With the simultaneous use of sildenafil and doxazosin, in rare cases, the development of symptomatic orthostatic hypotension was reported (dizziness and sensations of "lightness" appeared, but without the development of syncope).
With the simultaneous use of sildenafil (50 mg) and tolbutamide (250 mg) or warfarin (40 mg), which are metabolized with participation CYP2C9, significant interaction is not established.
Sildenafil (50 mg) does not potentiate the prolongation of bleeding time caused by acetylsalicylic acid (150 mg).
Sildenafil increased AUC and Cmax bosentan by 49.8% and 42% respectively.
Sildenafil (50 mg) does not potentiate hypotensive effects of alcohol in healthy volunteers with average maximum blood alcohol concentrations of 80 mg / dl.
In general, antihypertensive drugs (diuretics, beta-blockers, ACE inhibitors, angiotensin II receptor antagonists, vasodilators and central action), adrenergic blockers, calcium antagonists and alpha-adrenoreceptor blockers, did not reveal differences in the side-effect profile in patients receiving sildenafil in comparison with placebo.

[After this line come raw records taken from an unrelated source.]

definition dict_reps :: "'a::real_vector set \<Rightarrow> 'a \<Rightarrow> ('a set \<times> ('a \<Rightarrow> real)) set" where
  "dict_reps H f = {(S, beta). finite S \<and> S \<subseteq> H \<and> (\<forall>h\<in>S. beta h \<ge> 0)
                      \<and> f = (\<Sum>h\<in>S. beta h *\<^sub>R h)}"

definition dict_cone :: "'a::real_vector set \<Rightarrow> 'a set" where
  "dict_cone H = {f. dict_reps H f \<noteq> {}}"

definition var_norm :: "'a::real_vector set \<Rightarrow> 'a \<Rightarrow> real" where
  "var_norm H f = Inf ((\<lambda>(S, beta). \<Sum>h\<in>S. beta h) ` dict_reps H f)"

end

theory Submission
  imports Defs
begin

text \<open>Fix a comparison element g of the cone, with variation V, and let
  e m = \<parallel>f* - f m\<parallel>^2 + w (v m). Step m is at least as good as the choice \<alpha> = t, \<beta> = t c V
  for any t \<in> [0,1]; convexity of w takes care of the penalty, and the greedy choice of h m gives
  \<langle>f* - f (m-1), g - c V h m\<rangle> \<le> 0, which disposes of the cross term. The result is a recursion
  e m - A \<le> (1 - t) (e (m-1) - A) + t^2 B, and t = 2/(m+1) yields e m - A \<le> 4 B / m.
  The first two bounds differ only in how \<parallel>f* - c V h m\<parallel>^2 is estimated; the third follows
  from the second by optimising over \<delta>.\<close>

lemma norm_lincomb_sq:
  fixes r y :: "'a::real_inner"
  shows "(norm (p *\<^sub>R r + q *\<^sub>R y))\<^sup>2 = p\<^sup>2 * (norm r)\<^sup>2 + 2 * p * q * inner r y + q\<^sup>2 * (norm y)\<^sup>2"
  unfolding power2_norm_eq_inner
  by (simp add: inner_add_left inner_add_right inner_commute power2_eq_square algebra_simps)
(* For every $p\ge2$ (i.e. $m=2^p>2$), the Sylvester matrix $H(2^p)$ has nonzero permanent. Consequently, when $n=m=2^p>2$ identical bosons are injected one per mode into the Sylvester interferometer $\frac{1}{\sqrt m}H(m)$, the output state with one boson in each mode is not suppressed.
   Context: For $m=2^p$, the Sylvester matrix $H(m)$ is defined recursively by $H(1)=[1]$ and $H(2^p)=\begin{bmatrix}H(2^{p-1})&H(2^{p-1})\\ H(2^{p-1})&-H(2^{p-1})\end{bmatrix}$. $\mathrm{perm}\,A=\sum_{\sigma\in S_m}\prod_{i=1}^m a_{i,\sigma(i)}$. For input $\vec s$ and output $\vec t$ (nondecreasing tuples of mode indices), the scattering matrix is $S_{i,j}=U_{t_i,s_j}$ and the bosonic amplitude is $\mathrm{perm}\,S/\sqrt{\prod_k\mu_k(\vec s)!\prod_k\mu_k(\vec t)!}$ with $\mu_k(\vec t)=|\{i:t_i=k\}|$; an output is suppressed if its amplitude is zero. *)

theory Defs
  imports Complex_Main "HOL-Combinatorics.Permutations"
begin

text \<open>Sylvester matrix H(2^p), modes/indices 0-based (rows and columns 0..2^p-1),
  defined by the recursive block construction.\<close>
fun sylvester :: "nat \<Rightarrow> nat \<Rightarrow> nat \<Rightarrow> int" where
  "sylvester 0 i j = 1"
| "sylvester (Suc p) i j =
     (let h = 2 ^ p in
      if i < h \<and> j < h then sylvester p i j
      else if i < h then sylvester p i (j - h)
      else if j < h then sylvester p (i - h) j
      else - sylvester p (i - h) (j - h))"

definition perm :: "nat \<Rightarrow> (nat \<Rightarrow> nat \<Rightarrow> 'a::comm_ring_1) \<Rightarrow> 'a" where
  "perm n A = (\<Sum>\<sigma>\<in>{\<sigma>. \<sigma> permutes {..<n}}. \<Prod>i<n. A i (\<sigma> i))"

definition mult :: "nat list \<Rightarrow> nat \<Rightarrow> nat" where
  "mult t k = length (filter (\<lambda>x. x = k) t)"

definition scattering :: "(nat \<Rightarrow> nat \<Rightarrow> complex) \<Rightarrow> nat list \<Rightarrow> nat list \<Rightarrow> nat \<Rightarrow> nat \<Rightarrow> complex" where
  "scattering U s t i j = U (t ! i) (s ! j)"

text \<open>Bosonic amplitude; modes not occurring contribute 0! = 1 to the products.\<close>
definition amplitude :: "(nat \<Rightarrow> nat \<Rightarrow> complex) \<Rightarrow> nat list \<Rightarrow> nat list \<Rightarrow> complex" where
  "amplitude U s t = perm (length s) (scattering U s t) /
     complex_of_real (sqrt (real ((\<Prod>k\<in>set s. fact (mult s k)) * (\<Prod>k\<in>set t. fact (mult t k)))))"

definition suppressed :: "(nat \<Rightarrow> nat \<Rightarrow> complex) \<Rightarrow> nat list \<Rightarrow> nat list \<Rightarrow> bool" where
  "suppressed U s t \<longleftrightarrow> amplitude U s t = 0"

end

theory Submission
  imports Defs
begin

text \<open>
  We compute the permanent 2-adically, for families of columns of Sylvester matrices. Let the
  columns v c (c \<in> C, card C = 2 * h) of H(2 * h) form a square matrix, and pair row i with
  row i + h. A bijection from rows to columns is a bijection that is sorted on each row pair,
  followed by swaps of some row pairs; summing over the swaps, two columns x, y placed on rows
  i, i + h contribute 2 * (\<plusminus>1) * H(h)(i, x XOR y) if they lie in the same half of H(2 * h), and
  0 otherwise, because the columns of H(h) are characters under XOR. The surviving
  configurations are a perfect matching of C inside the two halves together with an
  enumeration of its pairs, so the permanent equals 2^h times a signed sum, over these matchings,
  of permanents of the merged families of h columns of H(h).

  If all row products of the family are 1 (for H(2^p) itself this holds when p \<ge> 2), the same is
  true of every merged family, and both halves contain an even number of columns, so the number
  of matchings is odd. By induction the permanent is congruent to 2^(2^k - 1) modulo 2^(2^k);
  in particular perm H(2^p) \<noteq> 0, and the amplitude of the output with one boson per mode is
  this permanent divided by a nonzero normalisation.
\<close>

unbundle bit_operations_syntax
lemma left_end_cx_arc [simp]: "left_end (cx_arc l r) = l"
  and right_end_cx_arc [simp]: "right_end (cx_arc l r) = r"
  unfolding cx_arc_def left_end_def right_end_def by simp_all

lemma cx_sortable_cx_arc: "cx_sortable (cx_arc l r)"
  unfolding cx_sortable_def by (simp add: cx_arc_def above_set_def left_end_def right_end_def)

lemma is_arc_cx_arc: "1 \<le> l \<Longrightarrow> l < r \<Longrightarrow> r \<le> n + 1 \<Longrightarrow> is_arc n (cx_arc l r)"
  unfolding is_arc_def by (auto simp: cx_arc_def above_set_def left_end_def right_end_def)

lemma MAD_cx_crosses_free_cx_arc:
  assumes MAD: "\<delta> \<in> MAD_cx n" and "1 \<le> l" "l < r" "r \<le> n + 1"
    and left: "l \<notin> left_end ` \<delta>" and right: "r \<notin> right_end ` \<delta>"
  shows "\<exists>b\<in>\<delta>. arcs_cross (cx_arc l r) b"
proof (rule ccontr)
  assume "\<not> ?thesis"
  moreover have "left_end b \<noteq> l" "right_end b \<noteq> r" if "b \<in> \<delta>" for b
    using that left right by (metis image_eqI)+
  ultimately have "cx_arc l r \<in> \<delta>"
    using MAD_cx_maximal[OF MAD is_arc_cx_arc cx_sortable_cx_arc] assms(2-4) by simp
  then show False using left by (metis image_eqI left_end_cx_arc)
qed

lemma MAD_cx_left_end_or_right_end:
  assumes MAD: "\<delta> \<in> MAD_cx n" and "1 \<le> m" "m + 2 \<le> n + 1" and left: "m \<notin> left_end ` \<delta>"
  shows "m + 2 \<in> right_end ` \<delta>"
proof (rule ccontr)
  assume right: "m + 2 \<notin> right_end ` \<delta>"
  then obtain b where "b \<in> \<delta>" and cross: "arcs_cross (cx_arc m (m + 2)) b"
    using MAD_cx_crosses_free_cx_arc[OF MAD _ _ _ left right] assms(2,3) by auto
  have b: "cx_sortable b" "left_end b < right_end b"
    using MAD_cxD[OF MAD \<open>b \<in> \<delta>\<close>] .
  have ends: "left_end b \<noteq> m" "right_end b \<noteq> m + 2"
    using \<open>b \<in> \<delta>\<close> left right by (metis rev_image_eqI)+
  show False
  proof (cases "left_end b < m")
    case True
    then have "m < right_end b" "right_end b < m + 2 \<Longrightarrow> even (m + right_end b)"
        "m + 2 < right_end b \<Longrightarrow> odd (m + (m + 2))"
      using cx_sortable_arcs_cross_parity[OF b(1) cx_sortable_cx_arc, of m "m + 2"] ends(2) cross
      by (simp_all add: arcs_cross_commute)
    moreover have "right_end b = m + 1 \<or> m + 2 < right_end b"
      using \<open>m < right_end b\<close> ends(2) by linarith
    ultimately show False by auto
  next
    case False
    then have "left_end b < m + 2" "m + 2 < right_end b \<Longrightarrow> even (left_end b + (m + 2))"
      using cx_sortable_arcs_cross_parity[OF cx_sortable_cx_arc b(1), of m "m + 2"] ends cross
      by simp_all
    moreover have "left_end b = m + 1" "m + 2 < right_end b"
      using calculation(1) False b(2) ends by linarith+
    ultimately show False by simp
  qed
qed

In a special study sildenafil (100 mg) was used concomitantly with amlodipine in individuals with hypertension, with an additional decrease in systolic blood pressure in the supine position of 8 mm Hg. Art.The corresponding additional decrease in diastolic blood pressure in the supine position was 7 mm Hg. Art. This additional decrease in blood pressure was the same as with the use of only sildenafil in healthy volunteers.